Reading Time: 3 minutes 阅读时间3分钟
Installation of Airflow (安装Airflow)
The more preferable approach to installing Apache-Airflow is to install it in a virtual environment. Airflow requires the latest version of PYTHON and PIP (package installer for python).
安装Apache-Airflow的更可取的方法是将其安装在虚拟环境中。Airflow需要最新版本的 PYTHON 和 PIP(用于Python的软件包安装程序)。
Below are the steps to install it on your system
#To set up a virtual environment for Apache Airflow :
$ virtualenv apache_airflow
To activate the virtual environment navigate to the “bin” folder inside the apache_airflow folder and activate it using the following command :
cd apache_airflow/bin
source activate
Next, we have to set the airflow home path :
export AIRFLOW_HOME=~/airflow
To install apache-airflow:
pip install apache-airflow
For Airflow to function properly we need to initialize a database:
airflow db init
The last step is to start the webserver for airflow:
最后一步是启动 Web 服务器以获取Airflow:
airflow webserver -p 8081
To verify if Airflow is successfully installed, access the localhost using the port number :
Creating a User in Apache Airflow
在Apache airflow中创建用户
To sign in to the Airflow dashboard we need to create a User.

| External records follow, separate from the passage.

(* Let $m\ge n$, $1\le r\le n$, $\delta=r/n$, $\mu\in[0,1)$, $\tau\in\mathbb{Z}_{\ge1}$, $\eta>0$, and suppose Assumption (A3) holds. Then the error terms $\bm e_t^{(i)}$ of PowerSGD+ with MSGD satisfy, for every $t\ge0$, $$\mathbb{E}\Big\|\frac1N\sum_{i=1}^N\bm e_t^{(i)}\Big\|_F^2\le\frac{45\tau^2G^2}{\delta^2}.$$
   Context: Setting: $N$ nodes jointly minimize $f(\bm{X})=\frac1N\sum_{i=1}^N f_i(\bm{X})$ over $\bm{X}\in\mathbb{R}^{m\times n}$, where $f_i(\bm{X})=\mathbb{E}_{\xi^{(i)}\sim\mathcal{D}_i}[F(\bm{X};\xi^{(i)})]$; node $i$ queries stochastic gradients $\nabla F(\bm{X};\xi^{(i)})$, sampled independently across nodes and iterations. Assumption (A3): $\|\nabla f(\bm{X})\|_F^2\le\omega^2$ for all $\bm X$, and $\mathbb{E}\|\frac1N\sum_{i=1}^N\nabla F(\bm{X};\xi^{(i)})\|_F^2\le G^2:=\sigma^2+\omega^2$ for all $\bm X$, where $\sigma^2$ bounds the variance $\mathbb{E}\|\nabla F(\bm{X};\xi^{(i)})-\nabla f_i(\bm{X})\|_F^2$ for all $i$ and $\bm X$. $\mathrm{QR}(\bm A)$, for $\bm A\in\mathbb{R}^{m\times r}$, denotes the factor $\bm Q\in\mathbb{R}^{m\times r}$ with $\bm Q^\top\bm Q=I_r$ of an economic QR decomposition $\bm A=\bm Q\bm R$. PowerSGD+ with MSGD (step size $\eta$, momentum $\mu$, restart period $\tau$, rank $r$): initialize $\bm X_0$, $\bm Q_{-1}\in\mathbb{R}^{n\times r}$, $\bm m_{-1}=0$, $\bm e_0^{(i)}=0$. For $t=0,1,\dots$: each node computes $\bm g_t^{(i)}=\nabla F(\bm X_t;\xi_t^{(i)})$ and $\bm\Delta_t^{(i)}=\bm g_t^{(i)}+\bm e_t^{(i)}$; let $\bm\Delta_t=\frac1N\sum_i\bm\Delta_t^{(i)}$. If $t\not\equiv0\pmod\tau$: $\tilde{\bm P}_t=\mathrm{QR}\big(\frac1N\sum_i\bm\Delta_t^{(i)}\bm Q_{t-1}\big)$; if $t\equiv0\pmod\tau$: $\tilde{\bm P}_t$ is the matrix of the top-$r$ left singular vectors of $\bm\Delta_t$. In both cases $\bm Q_t=\frac1N\sum_i(\bm\Delta_t^{(i)})^\top\tilde{\bm P}_t$, $\widehat{\bm\Delta}_t^{(i)}=\tilde{\bm P}_t\tilde{\bm P}_t^\top\bm\Delta_t^{(i)}$, $\widehat{\bm\Delta}_t=\tilde{\bm P}_t\bm Q_t^\top$, $\bm e_{t+1}^{(i)}=\bm\Delta_t^{(i)}-\widehat{\bm\Delta}_t^{(i)}$, $\bm m_t=\mu\bm m_{t-1}+\widehat{\bm\Delta}_t$, $\bm X_{t+1}=\bm X_t-\eta\bm m_t$. *)

theory Defs
  imports "HOL-Probability.Probability"
begin

text \<open>Matrices in R^(m x n) are modelled as real^'n^'m (rows indexed by 'm);
  the norm on this type is the Frobenius norm and the inner product is the
  Frobenius inner product. The rank r is the cardinality of the (linearly
  ordered) finite type 'r; m x r matrices are ((real, 'r) vec, 'm) vec.\<close>

definition outer :: "real^'m \<Rightarrow> real^'n \<Rightarrow> real^'n^'m" where
  "outer u v = (\<chi> i j. u$i * v$j)"

definition thin_svd :: "real^'n^'m \<Rightarrow> (nat \<Rightarrow> real) \<Rightarrow> (nat \<Rightarrow> real^'m) \<Rightarrow> (nat \<Rightarrow> real^'n) \<Rightarrow> bool" where
  "thin_svd A s u v \<longleftrightarrow>
     (\<forall>k<CARD('n). \<forall>l<CARD('n).
        u k \<bullet> u l = (if k = l then 1 else 0) \<and> v k \<bullet> v l = (if k = l then 1 else 0)) \<and>
     (\<forall>k<CARD('n). 0 \<le> s k) \<and>
     (\<forall>k. Suc k < CARD('n) \<longrightarrow> s (Suc k) \<le> s k) \<and>
     A = (\<Sum>k<CARD('n). s k *\<^sub>R outer (u k) (v k))"

definition col_pos :: "'r::{finite,linorder} \<Rightarrow> nat" where
  "col_pos j = card {k. k < j}"
text \<open>Gauss's identity is the limit of \<open>finite_gauss_identity\<close> for \<open>x = q^k\<close>: below any
  fixed degree the Gaussian binomial coefficients in \<open>q^(2k)\<close> become \<open>1 / f_(2k)\<close>.\<close>

lemma fps_eq_below_gauss_term:
  assumes k: "k \<ge> 1" and "2 * D \<le> n" "\<bar>t\<bar> \<le> int n"
  shows "fps_eq_below D (qpoch (fps_X ^ (2 * k)) n *
      (fps_X ^ (k * nat \<bar>t\<bar> ^ 2) * qbinom (fps_X ^ (2 * k)) (2 * n) (nat (int n + t))))
    (fps_X ^ (k * nat \<bar>t\<bar> ^ 2) :: rat fps)"
proof -
  let ?P = "qpoch (fps_X ^ (2 * k)) n :: rat fps"
  let ?Q = "qbinom (fps_X ^ (2 * k)) (2 * n) (nat (int n + t)) :: rat fps"
  let ?m = "fps_X ^ (k * nat \<bar>t\<bar> ^ 2) :: rat fps"
  show ?thesis
  proof (cases "D \<le> k * nat \<bar>t\<bar> ^ 2")
    case True
    then have "fps_eq_below D (?m * (?P * ?Q)) 0" "fps_eq_below D (?m * 1) 0"
      by (simp_all only: fps_eq_below_X_power_mult)
    then show ?thesis
      by (simp add: fps_eq_below_def mult_ac)
  next
    case False
    then have "nat \<bar>t\<bar> < D"
      using le_mult_power2[OF k] by (meson le_less_trans not_le)
    then have "fps_eq_below D (?Q * eta_fps (2 * k)) 1"
      using k assms by (intro fps_eq_below_qbinom_eta) auto
    moreover have "fps_eq_below D ?P (eta_fps (2 * k))"
      using k assms by (intro fps_eq_below_qpoch_eta) auto
    ultimately have "fps_eq_below D (?P * ?Q) 1"
      using fps_eq_below_mult[of D ?P "eta_fps (2 * k)" ?Q ?Q]
      by (simp add: fps_eq_below_def mult.commute)
    then have "fps_eq_below D (?m * (?P * ?Q)) (?m * 1)"
      by (rule fps_eq_below_mult[OF fps_eq_below_refl])
    then show ?thesis
      by (simp add: mult_ac)
  qed
qed

theorem eta_fps_square:
  assumes k: "k \<ge> 1"
  shows "eta_fps k ^ 2 = eta_fps (2 * k) * theta (-1) k"
  unfolding fps_eq_iff_eq_below
proof
  fix D :: nat
  define n where "n = 2 * D"
  define x :: "rat fps" where "x = fps_X ^ k"
  define P where "P = qpoch (x\<^sup>2) n"
  define Q where "Q t = qbinom (x\<^sup>2) (2 * n) (nat (int n + t))" for t
  have x_nonzero: "x \<noteq> 0"
    by (simp add: x_def)
  have x2: "x\<^sup>2 = fps_X ^ (2 * k)"
    by (simp add: x_def mult.commute power_mult)
  have "fps_eq_below D (eta_fps k ^ 2) (qpoch x (2 * n) ^ 2)"
    unfolding x_def n_def
    by (intro fps_eq_below_power fps_eq_below_sym[OF fps_eq_below_qpoch_eta]) (use k in simp_all)
  also have "qpoch x (2 * n) ^ 2 = P * (\<Sum>t\<in>{-int n..int n}. P * ((-1) ^ nat \<bar>t\<bar> * x ^ (nat \<bar>t\<bar> ^ 2) * Q t))"
    unfolding qpoch_double P_def Q_def power_mult_distrib finite_gauss_identity[OF x_nonzero]
    by (simp add: sum_distrib_left power2_eq_square mult_ac)
  also have "fps_eq_below D \<dots> (eta_fps (2 * k) * theta_poly (-1) k n)"
    unfolding theta_poly_def
  proof (rule fps_eq_below_mult[OF _ fps_eq_below_sum])
    show "fps_eq_below D P (eta_fps (2 * k))"
      unfolding P_def x2 n_def by (rule fps_eq_below_qpoch_eta) (use k in simp_all)
  next
    fix t assume "t \<in> {-int n..int n}"
    then have "fps_eq_below D (P * (fps_X ^ (k * nat \<bar>t\<bar> ^ 2) * Q t)) (fps_X ^ (k * nat \<bar>t\<bar> ^ 2))"
      unfolding P_def Q_def x2 using k by (intro fps_eq_below_gauss_term) (auto simp: n_def)
    then have "fps_eq_below D (fps_const ((-1) ^ nat \<bar>t\<bar>) * (P * (fps_X ^ (k * nat \<bar>t\<bar> ^ 2) * Q t)))
        (fps_const ((-1) ^ nat \<bar>t\<bar>) * fps_X ^ (k * nat \<bar>t\<bar> ^ 2))"
      by (rule fps_eq_below_mult[OF fps_eq_below_refl])
    then show "fps_eq_below D (P * ((-1) ^ nat \<bar>t\<bar> * x ^ (nat \<bar>t\<bar> ^ 2) * Q t))
        (fps_const ((-1) ^ nat \<bar>t\<bar>) * fps_X ^ (k * nat \<bar>t\<bar> ^ 2))"
      by (simp add: x_def mult_ac flip: power_mult fps_const_power fps_const_neg)
  qed
  also have "fps_eq_below D (eta_fps (2 * k) * theta_poly (-1) k n) (eta_fps (2 * k) * theta (-1) k)"
    using k by (intro fps_eq_below_mult fps_eq_below_refl fps_eq_below_mono[OF fps_eq_below_theta_poly])
      (simp_all add: n_def)
  finally show "fps_eq_below D (eta_fps k ^ 2) (eta_fps (2 * k) * theta (-1) k)" .
qed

Go through the following steps to create a user using the Airflow command-line interface.
要登录到“Airflow”仪表板,我们需要创建一个用户。执行以下步骤以使用 Airflow 命令行界面创建用户。
To create a USER with Admin privileges in the Airflow database :
airflow users create -e -f John -l Doe -p admin -r Admin -u admin
Now that we have created an Admin user, Login into the dashboard using the credentials. Once we successfully login to the Airflow Dashboard we see all the data pipelines we have by default.
When we login in for the first time, we get a warning on the landing page that says “The scheduler does not appear to be running“. To start the airflow scheduler execute the following command and reload the landing page :
airflow scheduler
Access Control in Airflow
When we create a user in Airflow, we also have to define what role that user will be assigned. Airflow contains a set of predefined roles by default: Admin, User, Op, Viewer, and Public. Only an Admin user has control over configuring and altering permissions for other roles.
当我们在Airflow中创建用户时,我们还必须定义将为该用户分配的角色。默认情况下,Airflow 包含一组预定义的角色:Admin, User, Op, Viewer, and Public。只有Admin用户才能控制配置和更改其他角色的权限。
An Admin user will have all possible permissions including granting and revoking permissions from other users.
A Public user does not have any permission.
A Viewer user has restricted viewing permission.
A User has Viewer permissions and also some extra User permission.
An Op user has User permissions and extra Op permissions.
Op 用户具有用户权限和额外的操作权限。
Basic Commands for Apache Airflow
Apache Airflow 的基本命令
List all the DAGS that airflow brings by default:
列出Airflow默认带来的所有 DAGS:
airflow dags list
Check what tasks a DAG contains:
检查 DAG 包含哪些任务:
airflow tasks list example_xcom_args
Execute a data pipeline with a defined execution date:
airflow dags trigger -e 2022-02-02 example_xcom_args
Conclusion 结论
In this blog, we saw how to properly install Airflow on your system locally using the commands line interface. We also saw how to create the first user for the Airflow instance and what roles can a User have. Lastly, we went through some basic commands of Airflow.
在这篇博客中,我们了解了如何使用命令行界面在本地系统上正确安装 Airflow。我们还看到了如何为 Airflow 实例创建第一个用户,以及用户可以拥有哪些角色。最后,我们介绍了Airflow的一些基本命令。